(* For every $n$ there exist $n$ weighted sites in the Euclidean plane whose weighted order-$3$ Voronoi diagram has $\Omega(n^2)$ non-empty regions.
   Context: Site $s_i\in\mathbb R^2$ has weight $w_i>0$ and $\omega_i=w_i^{1/2}$; the weighted distance from $p$ to $s_i$ is $\|s_i-p\|_2/\omega_i$ (multiplicatively weighted). For $A\subseteq S$ with $|A|=3$, the order-$3$ Voronoi region of $A$ is the set of points $p$ for which there exists $r$ with $\|s_i-p\|_2\le\omega_i r$ for all $s_i\in A$ and $\|s_i-p\|_2>\omega_i r$ for all $s_i\notin A$. *)

theory Defs
  imports "HOL-Analysis.Analysis"
begin

text \<open>Sites are indexed by a finite index set I; site i is at s i in the Euclidean plane
  (real^2) with weight w i > 0, and omega_i = sqrt (w i). The weighted distance from p to s i
  is dist (s i) p / sqrt (w i).\<close>

definition order_k_region ::
  "nat set \<Rightarrow> (nat \<Rightarrow> real^2) \<Rightarrow> (nat \<Rightarrow> real) \<Rightarrow> nat set \<Rightarrow> (real^2) set" where
  "order_k_region I s w A =
     {p. \<exists>r::real. (\<forall>i\<in>A. dist (s i) p \<le> sqrt (w i) * r) \<and>
                    (\<forall>i\<in>I - A. dist (s i) p > sqrt (w i) * r)}"

definition num_nonempty_order3_regions ::
  "nat set \<Rightarrow> (nat \<Rightarrow> real^2) \<Rightarrow> (nat \<Rightarrow> real) \<Rightarrow> nat" where
  "num_nonempty_order3_regions I s w =
     card {A. A \<subseteq> I \<and> card A = 3 \<and> order_k_region I s w A \<noteq> {}}"

end

theory Submission
  imports Defs
begin

text \<open>Put a heavy site above the origin, about n/2 light sites evenly spaced (gap \<sigma>) along
  the positive x-axis, and about n/2 sites far below the axis whose weights make the squared
  weighted distance from a point (x, -t) to the site with parameter u equal to
  (2ux)^2 + (1 - t^2 + (u - t)^2)^2, which over the parameters u = l\<delta> is minimal exactly at u = t.
  At the point (i\<sigma>, -k\<delta>) just below light site i the squared weighted distance to the deep
  site k lies in [1/4, 2]; it is at most 1/4 for the heavy site and for light site i, at least 4
  for every other light site, and larger than for site k for every other deep site. So each pair
  (k, i) gives the non-empty order-3 region of {0, k, i}, and there are about n^2/4 such pairs.\<close>

lemma dist_vector2_sq:
  "dist (vector [a, b] :: real^2) (vector [c, d]) ^ 2 = (a - c)^2 + (b - d)^2"
  by (simp add: dist_vec_def L2_set_def sum_2 dist_real_def)

lemma order_k_region_memI:
  assumes "A \<subseteq> I" "\<And>j. j \<in> I \<Longrightarrow> w j > 0" "Q \<ge> 0"
    and "\<And>j. j \<in> A \<Longrightarrow> dist (s j) p ^ 2 / w j \<le> Q"
    and "\<And>j. j \<in> I - A \<Longrightarrow> dist (s j) p ^ 2 / w j > Q"
  shows "p \<in> order_k_region I s w A"
  unfolding order_k_region_def
proof (intro CollectI exI[of _ "sqrt Q"] conjI ballI)
  fix j assume "j \<in> A"
  with assms have "dist (s j) p ^ 2 \<le> w j * Q" by (auto simp: divide_le_eq mult.commute)
  then show "dist (s j) p \<le> sqrt (w j) * sqrt Q"
    by (simp add: real_le_rsqrt flip: real_sqrt_mult)
next
  fix j assume "j \<in> I - A"
  with assms have "w j * Q < dist (s j) p ^ 2" by (auto simp: less_divide_eq mult.commute)
  then show "dist (s j) p > sqrt (w j) * sqrt Q"
    using real_sqrt_less_mono by (fastforce simp flip: real_sqrt_mult)
qed

lemma card_mult_le_num_nonempty_order3_regions:
  assumes "finite I" "a \<in> I" "B \<subseteq> I" "C \<subseteq> I" "a \<notin> B" "a \<notin> C" "B \<inter> C = {}"
    and nonempty: "\<And>k i. k \<in> B \<Longrightarrow> i \<in> C \<Longrightarrow> order_k_region I s w {a, k, i} \<noteq> {}"
  shows "card B * card C \<le> num_nonempty_order3_regions I s w"
proof -
  let ?T = "{A. A \<subseteq> I \<and> card A = 3 \<and> order_k_region I s w A \<noteq> {}}"
  let ?f = "\<lambda>(k, i). {a, k, i}"
  have inj: "inj_on ?f (B \<times> C)"
  proof (rule inj_onI, clarify)
    fix k i k' i' assume "k \<in> B" "i \<in> C" "k' \<in> B" "i' \<in> C" and eq: "{a, k, i} = {a, k', i'}"
    then have "k \<in> {a, k', i'}" "i \<in> {a, k', i'}" by auto
    with \<open>k \<in> B\<close> \<open>i \<in> C\<close> \<open>k' \<in> B\<close> \<open>i' \<in> C\<close> assms(5-7) show "k = k' \<and> i = i'" by auto
  qed
  have sub: "?f ` (B \<times> C) \<subseteq> ?T"
  proof (rule image_subsetI)
    fix x assume "x \<in> B \<times> C"
    then obtain k i where "x = (k, i)" "k \<in> B" "i \<in> C" by blast
    moreover from this assms(2-7) have "a \<noteq> k" "a \<noteq> i" "k \<noteq> i" "{a, k, i} \<subseteq> I" by auto
    ultimately show "?f x \<in> ?T" using nonempty by simp
  qed
  have "finite ?T"
    by (rule finite_subset[of _ "Pow I"]) (use \<open>finite I\<close> in auto)
  then have "card (B \<times> C) \<le> card ?T"
    using card_mono[OF _ sub] card_image[OF inj] by simp
  then show ?thesis
    by (simp add: num_nonempty_order3_regions_def card_cartesian_product)
qed

definition disk_site :: "real \<Rightarrow> real^2" where
  "disk_site t = vector [0, - (1 + t^2) / (2 * t)]"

**Activity**
Everything from the line containing "by (rule finite_subset[of" to the bottom of the listing is to be set down exactly; leave out all other lines.

**Result**
    by (rule finite_subset[of _ "Pow I"]) (use \<open>finite I\<close> in auto)
  then have "card (B \<times> C) \<le> card ?T"
    using card_mono[OF _ sub] card_image[OF inj] by simp
  then show ?thesis
    by (simp add: num_nonempty_order3_regions_def card_cartesian_product)
qed

definition disk_site :: "real \<Rightarrow> real^2" where
  "disk_site t = vector [0, - (1 + t^2) / (2 * t)]"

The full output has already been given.